# Data to use:
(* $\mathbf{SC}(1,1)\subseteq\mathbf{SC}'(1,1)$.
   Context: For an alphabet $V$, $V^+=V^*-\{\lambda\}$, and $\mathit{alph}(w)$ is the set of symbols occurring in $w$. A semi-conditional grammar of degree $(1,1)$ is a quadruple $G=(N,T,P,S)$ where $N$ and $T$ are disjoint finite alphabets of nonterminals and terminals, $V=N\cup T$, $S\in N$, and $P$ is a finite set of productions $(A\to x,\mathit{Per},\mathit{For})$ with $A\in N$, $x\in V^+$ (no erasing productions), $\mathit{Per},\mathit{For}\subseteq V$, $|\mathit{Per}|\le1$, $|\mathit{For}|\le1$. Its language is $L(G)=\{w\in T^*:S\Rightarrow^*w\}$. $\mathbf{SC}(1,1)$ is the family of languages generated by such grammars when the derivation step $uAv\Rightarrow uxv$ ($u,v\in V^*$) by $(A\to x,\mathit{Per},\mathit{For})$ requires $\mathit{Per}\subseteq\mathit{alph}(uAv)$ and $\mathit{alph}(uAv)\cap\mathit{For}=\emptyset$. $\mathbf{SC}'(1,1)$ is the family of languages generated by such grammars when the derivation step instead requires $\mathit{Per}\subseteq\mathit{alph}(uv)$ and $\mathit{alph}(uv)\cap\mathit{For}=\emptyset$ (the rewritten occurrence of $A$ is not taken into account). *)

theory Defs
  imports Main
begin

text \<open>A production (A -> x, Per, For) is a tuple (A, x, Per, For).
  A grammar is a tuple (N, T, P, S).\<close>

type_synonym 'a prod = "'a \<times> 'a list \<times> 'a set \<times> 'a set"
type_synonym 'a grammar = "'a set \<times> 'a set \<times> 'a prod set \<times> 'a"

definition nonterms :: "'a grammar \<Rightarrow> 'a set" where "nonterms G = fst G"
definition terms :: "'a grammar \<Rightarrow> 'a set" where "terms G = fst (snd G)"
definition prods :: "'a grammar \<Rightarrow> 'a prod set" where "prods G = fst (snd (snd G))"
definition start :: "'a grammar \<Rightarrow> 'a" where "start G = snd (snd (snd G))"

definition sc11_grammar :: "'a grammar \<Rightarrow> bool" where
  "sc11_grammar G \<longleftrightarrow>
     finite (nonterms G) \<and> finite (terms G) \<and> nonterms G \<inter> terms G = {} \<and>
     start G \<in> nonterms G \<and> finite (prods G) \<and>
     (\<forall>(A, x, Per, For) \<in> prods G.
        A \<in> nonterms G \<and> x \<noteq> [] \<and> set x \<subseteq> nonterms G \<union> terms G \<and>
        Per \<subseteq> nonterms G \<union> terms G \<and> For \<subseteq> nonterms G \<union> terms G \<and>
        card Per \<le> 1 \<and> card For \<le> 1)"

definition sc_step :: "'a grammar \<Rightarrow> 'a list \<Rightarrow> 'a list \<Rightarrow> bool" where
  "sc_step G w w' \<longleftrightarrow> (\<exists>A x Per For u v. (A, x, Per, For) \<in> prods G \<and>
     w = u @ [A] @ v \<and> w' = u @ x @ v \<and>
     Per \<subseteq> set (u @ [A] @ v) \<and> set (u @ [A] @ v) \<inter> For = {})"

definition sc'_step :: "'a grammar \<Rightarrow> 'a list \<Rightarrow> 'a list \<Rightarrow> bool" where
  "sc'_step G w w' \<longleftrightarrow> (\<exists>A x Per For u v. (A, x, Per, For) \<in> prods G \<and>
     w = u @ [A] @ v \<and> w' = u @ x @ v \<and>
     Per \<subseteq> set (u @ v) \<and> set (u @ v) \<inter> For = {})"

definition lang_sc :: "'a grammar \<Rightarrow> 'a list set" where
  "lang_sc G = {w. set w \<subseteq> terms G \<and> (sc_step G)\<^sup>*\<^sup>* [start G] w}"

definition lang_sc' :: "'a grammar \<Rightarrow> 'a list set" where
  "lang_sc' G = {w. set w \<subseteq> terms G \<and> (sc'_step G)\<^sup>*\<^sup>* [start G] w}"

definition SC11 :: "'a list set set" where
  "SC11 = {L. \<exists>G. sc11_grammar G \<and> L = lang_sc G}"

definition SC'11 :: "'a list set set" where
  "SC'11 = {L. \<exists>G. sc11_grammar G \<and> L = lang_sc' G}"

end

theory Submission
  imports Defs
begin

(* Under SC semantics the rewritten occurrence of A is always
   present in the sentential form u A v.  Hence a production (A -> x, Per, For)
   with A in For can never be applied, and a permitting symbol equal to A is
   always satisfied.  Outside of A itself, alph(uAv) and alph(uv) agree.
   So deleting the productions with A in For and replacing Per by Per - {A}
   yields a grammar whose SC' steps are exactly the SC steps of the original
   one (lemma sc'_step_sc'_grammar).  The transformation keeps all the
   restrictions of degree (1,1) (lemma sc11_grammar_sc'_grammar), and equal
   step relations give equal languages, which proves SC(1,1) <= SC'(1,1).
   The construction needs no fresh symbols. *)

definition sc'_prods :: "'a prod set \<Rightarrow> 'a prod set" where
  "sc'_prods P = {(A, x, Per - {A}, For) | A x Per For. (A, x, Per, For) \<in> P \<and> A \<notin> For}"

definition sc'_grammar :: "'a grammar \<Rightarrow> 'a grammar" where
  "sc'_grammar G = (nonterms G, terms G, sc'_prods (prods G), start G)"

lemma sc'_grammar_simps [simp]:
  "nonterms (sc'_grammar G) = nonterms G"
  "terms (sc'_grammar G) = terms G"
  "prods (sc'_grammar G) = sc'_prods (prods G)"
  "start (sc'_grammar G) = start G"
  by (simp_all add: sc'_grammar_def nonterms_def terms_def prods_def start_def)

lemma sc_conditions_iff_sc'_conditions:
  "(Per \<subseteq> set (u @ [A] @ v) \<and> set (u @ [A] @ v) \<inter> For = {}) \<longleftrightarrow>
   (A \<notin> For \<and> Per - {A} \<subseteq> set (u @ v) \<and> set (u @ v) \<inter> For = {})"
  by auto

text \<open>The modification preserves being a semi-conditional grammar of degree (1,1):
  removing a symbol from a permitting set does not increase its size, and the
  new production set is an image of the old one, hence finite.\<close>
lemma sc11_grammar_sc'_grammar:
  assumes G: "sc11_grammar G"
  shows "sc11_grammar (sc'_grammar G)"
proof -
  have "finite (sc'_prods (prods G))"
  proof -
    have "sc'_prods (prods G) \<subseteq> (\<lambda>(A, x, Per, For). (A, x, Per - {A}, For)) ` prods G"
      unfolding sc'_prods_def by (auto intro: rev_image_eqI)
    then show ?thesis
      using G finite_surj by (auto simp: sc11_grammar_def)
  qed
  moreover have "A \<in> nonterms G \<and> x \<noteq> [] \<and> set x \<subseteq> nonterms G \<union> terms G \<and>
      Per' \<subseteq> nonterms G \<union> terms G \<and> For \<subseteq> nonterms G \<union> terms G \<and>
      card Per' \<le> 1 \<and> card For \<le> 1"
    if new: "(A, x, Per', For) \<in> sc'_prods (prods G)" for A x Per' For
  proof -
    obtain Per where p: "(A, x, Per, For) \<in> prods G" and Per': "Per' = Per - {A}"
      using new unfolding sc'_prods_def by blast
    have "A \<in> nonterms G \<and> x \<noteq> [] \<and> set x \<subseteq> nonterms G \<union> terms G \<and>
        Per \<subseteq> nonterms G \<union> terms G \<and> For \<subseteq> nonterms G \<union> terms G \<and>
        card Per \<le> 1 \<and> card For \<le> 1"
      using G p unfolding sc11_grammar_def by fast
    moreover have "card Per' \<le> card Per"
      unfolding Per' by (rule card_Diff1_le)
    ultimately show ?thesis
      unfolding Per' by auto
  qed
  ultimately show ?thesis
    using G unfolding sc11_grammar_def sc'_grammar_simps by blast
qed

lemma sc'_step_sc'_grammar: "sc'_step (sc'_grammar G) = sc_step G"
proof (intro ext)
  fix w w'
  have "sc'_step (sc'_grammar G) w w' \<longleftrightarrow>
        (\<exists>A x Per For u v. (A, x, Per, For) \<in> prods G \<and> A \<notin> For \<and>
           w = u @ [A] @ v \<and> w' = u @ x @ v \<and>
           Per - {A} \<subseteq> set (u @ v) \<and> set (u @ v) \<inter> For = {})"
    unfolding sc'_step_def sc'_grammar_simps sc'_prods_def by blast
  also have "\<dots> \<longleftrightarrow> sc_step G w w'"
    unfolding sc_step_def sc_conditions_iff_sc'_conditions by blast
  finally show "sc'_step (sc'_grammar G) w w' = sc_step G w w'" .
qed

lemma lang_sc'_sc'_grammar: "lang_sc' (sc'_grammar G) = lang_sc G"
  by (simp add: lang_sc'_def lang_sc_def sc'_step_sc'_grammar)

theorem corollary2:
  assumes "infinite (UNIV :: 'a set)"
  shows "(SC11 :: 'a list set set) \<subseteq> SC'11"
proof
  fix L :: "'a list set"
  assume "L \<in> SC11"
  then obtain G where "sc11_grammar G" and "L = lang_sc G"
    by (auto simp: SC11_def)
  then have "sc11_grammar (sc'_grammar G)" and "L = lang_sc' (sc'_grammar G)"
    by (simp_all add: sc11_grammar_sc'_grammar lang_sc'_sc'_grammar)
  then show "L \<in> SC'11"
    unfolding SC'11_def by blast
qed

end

# Exercise:
Take from the material above every line that includes the word "intro".

# Solution to this exercise:
      unfolding sc'_prods_def by (auto intro: rev_image_eqI)
proof (intro ext)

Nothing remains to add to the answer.